People, people! Let’s all take a deep breath here and remember that Delta is the amount of stock required to hedge an OPTION position, not vice versa. One inverses the equation to understand how many options are needed to hedge one’s stock position. Why? Because the whole shebang was initially driven by options market makers, who write options for a living. What sane person who seeks to make money for their clients would be short volatility on purpose, and consistently? (No jokes about long bond managers, OK.) So let’s say I’m an Options market maker. About 90% of the time, I’m writing options, so I have a massive book of short vol positions, and thus am incredibly sensitive to the movements of the underlyings. I need a way to hedge the risk of being called in and not being able to pay for it, so Delta tells me how much stock I need to buy or sell in order that I don’t get squashed, and Gamma tells me how fast I need to be re-hedging. Think about this from the market makers’ perspective: if they have written a put at a particular price, they’re on the hook to buy at, say, $20. If the stock tanks at goes to 3, clearly they should have shorted an equivalent amount such that figuring in the premium, they make .50 in any event.

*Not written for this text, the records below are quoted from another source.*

lemma c_eq_sum_card_gapless_partitions_top:
  assumes m: "m \<ge> 2" and n: "n > 0" and "n < m ^ (j + 1)"
  shows "c m n = (\<Sum>r\<le>j. card (gapless_partitions_top m n r))"
proof -
  have "finite (gapless_partitions_top m n r)" for r
    using gapless_partitions_top_eq_image[OF m n] finite_pos_expansions m by simp
  moreover have "gapless_partitions_top m n r \<inter> gapless_partitions_top m n s = {}"
    if "r \<noteq> s" for r s
    using that m by (auto simp: gapless_partitions_top_def power_inject_exp)
  ultimately show ?thesis
    unfolding c_def gapless_partitions_eq_UN[OF assms] by (simp add: card_UN_disjoint)
qed

theorem theorem1p3:
  fixes m n j :: nat
  assumes "m \<ge> 2" and "n > 0" and "m ^ j \<le> n" and "n < m ^ (j + 1)"
  shows "c m n = 1 + (\<Sum>r = 1..j. N m n r)"
proof -
  note m = assms(1) and n = assms(2)
  have "c m n = (\<Sum>r\<le>j. card (pos_expansions m n r))"
    using c_eq_sum_card_gapless_partitions_top[OF m n assms(4)]
      card_gapless_partitions_top[OF m n] by simp
  also have "\<dots> = card (pos_expansions m n 0) + (\<Sum>r = 1..j. card (pos_expansions m n r))"
    by (simp add: atMost_atLeast0 sum.atLeast_Suc_atMost)
  also have "card (pos_expansions m n 0) = 1"
    using pos_expansions_0[OF n] by simp
  also have "(\<Sum>r = 1..j. card (pos_expansions m n r)) = (\<Sum>r = 1..j. N m n r)"
    using m by (intro sum.cong) (simp_all add: N_eq_card_N_tuples card_N_tuples)
  finally show ?thesis .
qed

end
(* Let $\Phi(v_1,\dots,v_r)$ be an $\mathrm{st}$-prenex formula all of whose parameters are standard. Then (in SPOT) for every standard set $S$ there is a standard set $P$ such that for all standard $v_1,\dots,v_r$: $$\langle v_1,\dots,v_r\rangle\in P\iff \langle v_1,\dots,v_r\rangle\in S\wedge\Phi(v_1,\dots,v_r).$$
   Context: We work in the theory SPOT. Its language is the $\in$-language (membership together with the usual defined symbols of mathematics such as $\mathbb N,\mathbb R,<,+,\cdot$) enriched by a unary predicate $\mathrm{st}$ ("$x$ is standard"). An $\in$-formula is a formula not mentioning $\mathrm{st}$. $\forall^{\mathrm{st}}x$ and $\exists^{\mathrm{st}}x$ denote quantifiers restricted to standard sets. The axioms of SPOT are: ZF; Transfer: for every $\in$-formula $\varphi(x)$ all of whose parameters are standard, $\forall^{\mathrm{st}}x\,\varphi(x)\to\forall x\,\varphi(x)$; Nontriviality: $\exists \nu\in\mathbb N\,\forall^{\mathrm{st}}n\in\mathbb N\,(n\neq\nu)$; Standard Part: $\forall A\subseteq\mathbb N\,\exists^{\mathrm{st}}B\subseteq\mathbb N\,\forall^{\mathrm{st}}n\in\mathbb N\,(n\in B\iff n\in A)$. An $\mathrm{st}$-prenex formula is one of the form $\mathsf Q^{\mathrm{st}}u_1\cdots\mathsf Q^{\mathrm{st}}u_s\,\psi(u_1,\dots,u_s,v_1,\dots,v_r)$ where $\psi$ is an $\in$-formula and each $\mathsf Q^{\mathrm{st}}$ is $\forall^{\mathrm{st}}$ or $\exists^{\mathrm{st}}$ (all quantifiers over standard sets precede all ordinary quantifiers). *)

theory Defs
  imports Main
begin

text \<open>Deep embedding of the language of SPOT: the \<in>-language (with equality)
  enriched by the unary predicate st. Variables are natural numbers; a model is a
  type 'a with a membership relation mem (mem x y means x \<in> y) and a predicate st.
  The usual defined symbols of mathematics are eliminable abbreviations, so
  \<in>-formulas are built from membership and equality only.\<close>

datatype form =
    FMem nat nat
  | FEq nat nat
  | FSt nat
  | FNeg form
  | FAnd form form
  | FEx nat form

primrec sat :: "('a \<Rightarrow> 'a \<Rightarrow> bool) \<Rightarrow> ('a \<Rightarrow> bool) \<Rightarrow> (nat \<Rightarrow> 'a) \<Rightarrow> form \<Rightarrow> bool" where
  "sat mem st e (FMem x y) = mem (e x) (e y)"
| "sat mem st e (FEq x y) = (e x = e y)"
| "sat mem st e (FSt x) = st (e x)"
| "sat mem st e (FNeg p) = (\<not> sat mem st e p)"
| "sat mem st e (FAnd p q) = (sat mem st e p \<and> sat mem st e q)"
| "sat mem st e (FEx x p) = (\<exists>a. sat mem st (e(x := a)) p)"

primrec fv :: "form \<Rightarrow> nat set" where
  "fv (FMem x y) = {x, y}"
| "fv (FEq x y) = {x, y}"
| "fv (FSt x) = {x}"
| "fv (FNeg p) = fv p"
| "fv (FAnd p q) = fv p \<union> fv q"
| "fv (FEx x p) = fv p - {x}"
(* Let $X$ be a compact metric space and let $f\colon X\to X$ be an inner-distal homeomorphism. If every proximal cell $\mathcal{P}(x)$, $x\in X$, is a meagre subset of $X$, then the set of almost periodic points of $f$ is uncountable and $f$ has uncountably many stable classes.
   Context: The proximal cell of $x$ is $\mathcal{P}(x)=\{y\in X\colon \inf_{n\in\mathbb{Z}} d(f^n(x),f^n(y))=0\}$; $f$ is inner-distal if $\operatorname{Int}\mathcal{P}(x)=\emptyset$ for all $x$. A set is meagre if it is a countable union of nowhere-dense sets (sets whose closure has empty interior). A set $A\subseteq\mathbb{Z}$ is syndetic if $A+F=\mathbb{Z}$ for some finite $F\subseteq\mathbb{Z}$. A point $x$ is (pointwise) almost periodic if for every open neighborhood $U$ of $x$ the set $\{n\in\mathbb{Z}\colon f^n(x)\in U\}$ is syndetic. A stable class is a set of the form $W^s(x)=\{y\in X\colon \lim_{n\to\infty}d(f^n(x),f^n(y))=0\}$ for some $x\in X$. *)

theory Defs
  imports "HOL-Analysis.Analysis"
begin

definition zit :: "('a \<Rightarrow> 'a) \<Rightarrow> int \<Rightarrow> 'a \<Rightarrow> 'a" where
  "zit f n = (if 0 \<le> n then f ^^ nat n else inv f ^^ nat (- n))"

definition proximal_cell :: "('a::metric_space \<Rightarrow> 'a) \<Rightarrow> 'a \<Rightarrow> 'a set" where
  "proximal_cell f x = {y. (INF n\<in>(UNIV::int set). dist (zit f n x) (zit f n y)) = 0}"

definition inner_distal :: "('a::metric_space \<Rightarrow> 'a) \<Rightarrow> bool" where
  "inner_distal f \<longleftrightarrow> (\<forall>x. interior (proximal_cell f x) = {})"

definition nowhere_dense :: "'a::topological_space set \<Rightarrow> bool" where
  "nowhere_dense A \<longleftrightarrow> interior (closure A) = {}"

definition meagre :: "'a::topological_space set \<Rightarrow> bool" where
  "meagre A \<longleftrightarrow> (\<exists>\<N>. countable \<N> \<and> (\<forall>N\<in>\<N>. nowhere_dense N) \<and> A = \<Union>\<N>)"

definition syndetic :: "int set \<Rightarrow> bool" where
  "syndetic A \<longleftrightarrow> (\<exists>F. finite F \<and> {a + b | a b. a \<in> A \<and> b \<in> F} = UNIV)"

definition almost_periodic :: "('a::topological_space \<Rightarrow> 'a) \<Rightarrow> 'a \<Rightarrow> bool" where
  "almost_periodic f x \<longleftrightarrow> (\<forall>U. open U \<and> x \<in> U \<longrightarrow> syndetic {n. zit f n x \<in> U})"

definition stable_class :: "('a::metric_space \<Rightarrow> 'a) \<Rightarrow> 'a \<Rightarrow> 'a set" where
  "stable_class f x = {y. ((\<lambda>n. dist ((f ^^ n) x) ((f ^^ n) y)) \<longlonglongrightarrow> 0)}"

end

(*
  If f had only countably many almost periodic points, consider any orbit closure. It contains a
  minimal set, whose points are all almost periodic, so the minimal set is countable; by Baire's
  theorem a countable compact set has an isolated point, and an isolated point of a minimal set is
  periodic. Hence every point is proximal to a point of a periodic orbit inside its orbit closure,
  and X is the union of countably many meagre proximal cells, contradicting Baire's theorem.
  Stable classes cover X and lie inside proximal cells, so the same contradiction rules out
  countably many stable classes.
*)

theory Submission
  imports Defs
begin

section \<open>Meagre sets\<close>

lemma nowhere_dense_subset: "nowhere_dense B \<Longrightarrow> A \<subseteq> B \<Longrightarrow> nowhere_dense A"
  unfolding nowhere_dense_def by (metis closure_mono interior_mono subset_empty)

If I want to use the same equation to create synthetic stops on my long cash or short cash positions, I can go and do that, and even borrow the market makers’ terminology, but the equation remains the same. Can we all go back to being friends now?

thesloth, what you describe is correct, but delta hedging is used for *both* hedging your option positions or hedging your stock positions. That’s not a point of dispute, check many sources that show that. Dispute came because someone says to hedge your long stock position with delta hedging you need to buy some puts…that’s what caused the confusion…and the correct answer of course is to sell some calls.

Agreed Dreary (see 2nd to last sentence), but I am trying to illustrate the non-intuitive here, so went back to the origins of the equation for that purpose. And while Delta hedging is of course used constantly to hedge cash positions, the equation produces the amount of stock required to hedge an option position for the reason I described.